C'est quoi la démocratie ?

Je m'en souviens encore, quand, pour m'expliquer la démocratie, on m'a dit que c'était demos + cratos = gouvernement du peuple. Ca m'avait semblé joli.
A voir ce qui se passe, ce qui se dit, force est de constater qu'on en est plus loin que du temps de Ben Ali.

Nous vivons aujourd'hui en pleine schizophrénie. Chacun s'autoproclame juge, et invite les autres à se rendre justice. On condamne des gens sur des présomptions, en oubliant, que ce qui fonde notre humanité, c'est le droit à la dignité. La délation est devenue simple comme bonjour, la diffamation un élan nationaliste, qui trouve partout un echo.
On n'a plus de soucis pour généraliser. Si un policier fait une bavure, on demande la peau d'un ministère. Si un barbu giffle une femme, on fustige l'islamisme. Si un voleur est repéré, on crie sur tous les toits, que les milices du RCD sont de retour.
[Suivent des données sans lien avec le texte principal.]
(* For fixed $d>3$ there is a constant $c>0$, independent of $n$ and $s$, such that for every $s\in(0,1]$ and every initial position $x(0)$ with $\sum_i d\,(x_i(0)-\mu)^2\le 1$ (where $\mu=\frac1n\sum_ix_i(0)$), the random averaging system satisfies $\mathbb{E}\,E_s\le c/s$.
   Context: Fix an integer $d>3$ and $n>d$. In a random averaging system, for each $t\ge0$ the graph $G_t$ is chosen independently and uniformly at random among all simple $(d-1)$-regular graphs on $[n]$, and then a self-loop is added at every vertex. Let $M_t$ be the resulting $0/1$ adjacency matrix (all row sums equal to $d$). Set $P_t=M_t/d$ and $x(t+1)=P_tx(t)$. At time $t$, each edge $\{i,j\}$ of $G_t$ with $i\ne j$ is embedded as the closed interval with endpoints $x_i(t),x_j(t)$. The union of these intervals is a disjoint union of closed intervals (blocks) with lengths $l_1(t),\dots,l_{k_t}(t)$. The $s$-energy is $E_s=\sum_{t\ge0}\sum_il_i(t)^s$; it is a random variable. *)

theory Defs
  imports "HOL-Analysis.Analysis" "HOL-Probability.Probability"
begin

definition simple_edges :: "nat \<Rightarrow> nat set set" where
  "simple_edges n = {e. \<exists>i j. i < n \<and> j < n \<and> i \<noteq> j \<and> e = {i, j}}"

definition regular_graphs :: "nat \<Rightarrow> nat \<Rightarrow> nat set set set" where
  "regular_graphs n k = {G. G \<subseteq> simple_edges n \<and> (\<forall>i<n. card {e\<in>G. i \<in> e} = k)}"

text \<open>One step x(t+1) = P_t x(t) with P_t = M_t/d, M_t = adjacency matrix of G_t plus
  a self-loop at each vertex.\<close>
definition avg_step :: "nat \<Rightarrow> nat \<Rightarrow> nat set set \<Rightarrow> (nat \<Rightarrow> real) \<Rightarrow> (nat \<Rightarrow> real)" where
  "avg_step d n G y = (\<lambda>i. (y i + (\<Sum>j\<in>{j. j < n \<and> {i, j} \<in> G}. y j)) / real d)"

fun traj :: "nat \<Rightarrow> nat \<Rightarrow> (nat \<Rightarrow> real) \<Rightarrow> nat set set stream \<Rightarrow> nat \<Rightarrow> (nat \<Rightarrow> real)" where
  "traj d n x0 \<omega> 0 = x0"
| "traj d n x0 \<omega> (Suc t) = avg_step d n (\<omega> !! t) (traj d n x0 \<omega> t)"

definition edge_union :: "nat set set \<Rightarrow> (nat \<Rightarrow> real) \<Rightarrow> real set" where
  "edge_union G y = \<Union> {{min (y i) (y j) .. max (y i) (y j)} | i j. {i, j} \<in> G \<and> i \<noteq> j}"

definition block_sum :: "real \<Rightarrow> nat set set \<Rightarrow> (nat \<Rightarrow> real) \<Rightarrow> real" where
  "block_sum s G y = (\<Sum>C\<in>components (edge_union G y). (Sup C - Inf C) powr s)"

definition s_energy :: "nat \<Rightarrow> nat \<Rightarrow> real \<Rightarrow> (nat \<Rightarrow> real) \<Rightarrow> nat set set stream \<Rightarrow> ennreal" where
  "s_energy d n s x0 \<omega> = (\<Sum>t. ennreal (block_sum s (\<omega> !! t) (traj d n x0 \<omega> t)))"

definition graph_seq_measure :: "nat \<Rightarrow> nat \<Rightarrow> nat set set stream measure" where
  "graph_seq_measure d n = stream_space (measure_pmf (pmf_of_set (regular_graphs n (d - 1))))"

end

theory Submission
  imports Defs
begin

text \<open>
  Averaging over a uniformly random (d-1)-regular graph contracts the dispersion
  \<Sum>(x_i - mu)^2 in expectation by the factor rho = 1 - 2(d-1)/d^2: one step loses the
  Dirichlet energy of the graph divided by d^2, and by symmetry every pair of vertices is an
  edge equally often. Every block has length at most twice the square root of the dispersion,
  and a block is determined by the sublevel set of the positions at its right end, a set that
  no edge crosses. A switching argument shows that a fixed proper vertex set is crossed by no
  edge in at most a 1/(n-1) fraction of the graphs, so the expected number of blocks is at
  most 2. By concavity of u \<mapsto> u^(s/2), the expected contribution of step t is therefore at
  most 4 rho^(ts/2) times the initial dispersion to the power s/2, and the geometric series
  sums to at most 4 / (1 - rho^(s/2)) \<le> 4d^2 / ((d-1) s).
\<close>

section \<open>Regular graphs\<close>

definition neighbours :: "nat set set \<Rightarrow> nat \<Rightarrow> nat \<Rightarrow> nat set" where
  "neighbours G n i = {j. j < n \<and> {i, j} \<in> G}"

lemma regular_graphs_edgeE:
  assumes "G \<in> regular_graphs n k" "e \<in> G"
  obtains i j where "i < n" "j < n" "i \<noteq> j" "e = {i, j}"
  using assms unfolding regular_graphs_def simple_edges_def by auto

lemma regular_graphs_edgeD:
  assumes "G \<in> regular_graphs n k" "{a, b} \<in> G"
  shows "a < n" "b < n" "a \<noteq> b"
  using assms unfolding regular_graphs_def simple_edges_def by (auto simp: doubleton_eq_iff)

lemma regular_graphs_degree:
  "G \<in> regular_graphs n k \<Longrightarrow> i < n \<Longrightarrow> card {e\<in>G. i \<in> e} = k"
  unfolding regular_graphs_def by auto

lemma finite_simple_edges: "finite (simple_edges n)"
  by (rule finite_subset[of _ "Pow {..<n}"]) (auto simp: simple_edges_def)

lemma finite_regular_graphs: "finite (regular_graphs n k)"
  by (rule finite_subset[of _ "Pow (simple_edges n)"]) (auto simp: regular_graphs_def finite_simple_edges)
Je ne cautionne pas, et je ne cautionnerai jamais aucune enfreinte, aucun dépassement, aucun contournement de la loi, de la liberté, de la dignité. Mais que la démocratie soit le gouvernement du peuple, ne signifie pas que nous sommes tous en position de gouverner, mais juste en droit d'y prétendre, et dans le respect de cette démocratie, en droit de nous faire entendre.

Les coupables sont là, tout autour de nous, parmis nous. Il ne faut pas les oublier. Mais ça ne nous avance à rien de célébrer le chaos. Aujourd'hui, plus que jamais, on a un devoir d'exemple. Un devoir d'exemple pour ceux qui sont morts, pour ceux qui ont vécu, pour ceux qui vivent et pour ceux qui vivront.

Nous sommes, dans une phase formidable, où en découvre pour la première fois, qu'on n'a pas à baisser les yeux, qu'on n'a pas à avoir peur, qu'ensemble on peut forcer le destin. Nous sommes dans une étape formidable, où, même s'il y a encore beaucoup de choses à démolir, à raser, il y a encore beaucoup plus de choses à construire, de belles choses.

Célébrer nos douleurs, ne pansera ni nos blessures ni les cicatrices du passé. Se jeter des pierres ne nous bâtira pas un lendemain meilleur. Avons-nous déjà oublié nos idéaux ou en avons nous jamais eu ? Ne sommes nous pas entrain de perpétuer la même philosophie totalitaire qui nous a si longtemps oppressés sans nous offrir d'alternative. Quelle alternative sommes-nous entrain d'offrir aujourd'hui ?

Il y a, et il y auras toujours des ripoux, des corrompus, des voleurs, des criminels, des meurtriers, des menteurs, et tout ce qu'il peut y avoir de plus abjecte dans une société. La démocratie c'est aussi d'accepter ces aberrations sans s'ériger en juge de la bonne citoyenneté, habile défenseur des rumeurs et des calomnies et porte parole d'une paranoïa. La démocratie, avant d'être un acquis, salutaire, est un devoir.

Danser l'anarchie aujourd'hui c'est cracher dans la soupe. Parce que la démocratie c'est avant tout ce que nous en faisons.